12.10.2009

Christmas Thoughts from Irma Bombeck

Here are some thoughts from Irma Bombeck. If you are not familiar with her work, she was a satirist and blue collar philosopher who published many books and brought many significant issues to the masses in America. She writes these thoughts in the empty nest season of her life and strangely I find them poignant to mile life though I am certainly NOT in an empty nest. Maybe they will be poignant to you too.


In her book, "If Life is a bowl of Cherries, Why Am I Always in the Pits?", Bombeck recalled the legend of a church where the chimes rang miraculously whenever someone gave a generous gift.
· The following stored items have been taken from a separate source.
(* Let $G$ be a graph that has an EPG-representation in a grid with $h$ rows in which every grid-edge is used by at most $c$ vertex-paths. Then the pathwidth of $G$ satisfies $pw(G)\le c(3h-1)-1$.
   Context: The $w\times h$-grid consists of all grid-points $(i,j)$ with integer coordinates $1\le i\le w$, $1\le j\le h$ (so it has $h$ rows), and all grid-edges joining grid-points at distance $1$. An EPG-representation of a graph $G$ assigns to each vertex $v$ a path $\mathrm{path}(v)$ in the grid such that $(v,w)$ is an edge of $G$ if and only if $\mathrm{path}(v)$ and $\mathrm{path}(w)$ share a grid-edge. The pathwidth $pw(G)$ is the smallest $k$ such that $G$ is a subgraph of a $(k+1)$-colourable interval graph (an interval graph is the intersection graph of a family of closed intervals of the real line). *)

theory Defs
  imports Complex_Main
begin

definition graph :: "'a set \<Rightarrow> 'a set set \<Rightarrow> bool" where
  "graph V E \<longleftrightarrow> finite V \<and> (\<forall>e\<in>E. \<exists>u v. e = {u, v} \<and> u \<noteq> v \<and> u \<in> V \<and> v \<in> V)"

definition grid_point :: "nat \<Rightarrow> nat \<Rightarrow> nat \<times> nat \<Rightarrow> bool" where
  "grid_point w h p \<longleftrightarrow> 1 \<le> fst p \<and> fst p \<le> w \<and> 1 \<le> snd p \<and> snd p \<le> h"

definition grid_adj :: "nat \<times> nat \<Rightarrow> nat \<times> nat \<Rightarrow> bool" where
  "grid_adj p q \<longleftrightarrow>
     (fst p = fst q \<and> (snd p = snd q + 1 \<or> snd q = snd p + 1)) \<or>
     (snd p = snd q \<and> (fst p = fst q + 1 \<or> fst q = fst p + 1))"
But the chimes hadn’t rung for a long time, even though kings & potentates had come to give gifts of gold & silver & precious gems. The chimes had not rung for a long, long time.

But one Christmas Eve a little peasant boy came down the aisle & knelt before the altar. As he thought about the Christ-child lying in a manger, he took off his tattered coat & laid it on the altar. When he did, the chimes rang loud & joyously.

Erma Bombeck wrote, "I’ve heard the chimes ring, too. I remember a Christmas when one of my sons brought me a piece of tattered construction paper on which he had tried to draw a picture of praying hands, & underneath the picture he had written, ’O Come, Holy Spit.’"

"When I saw that," she said, "I heard the chimes ring & I knew that a very special gift had been given."

"On another Christmas I received a shoebox all clumsily wrapped. When I opened it, I found two baseball cards & a piece of gum. Again I heard the chimes ring."

"And I heard the chimes ring the time when the kids got together & cleaned the garage & gave that as their Christmas present to me."

"Those days are long gone," she remembered, "days when we fashioned lace doilies into snow flakes, & pipe cleaners into Christmas trees. When we took empty spools & used them for candleholders. Those days are long gone."

"I remember little feet coming down the stairs with a hand-made gift all wrapped up in $2.00 worth of wrapping paper to put underneath the Christmas tree. Those little feet now wear panty hose & fashion boots."

"Little hands that used to break the piggy bank to get 59 cents to buy a Christmas gift, now hold credit cards that are good in any store in town."

"We’ll have a good Christmas this year," she said. "We’ll eat too much. We’ll mess up the living room & throw the warranties in the fire by mistake. We’ll put bows on the dog’s tail. We’ll take bites out of cookies & put them back in the plate. We’ll listen to Christmas songs, & have a good Christmas."

"But, Lord, what I wouldn’t give to bend over just one more time & receive some toothpicks held together by library paste & to hear the chimes ring - just one more time."

Have the Merriest Christmas season ever. And hey, why not live it out all year long... except for the frantic pace though.

1 comments:

Angela Mills December 10, 2009 at 1:21 PM  

Thanks for sharing this...made me cry!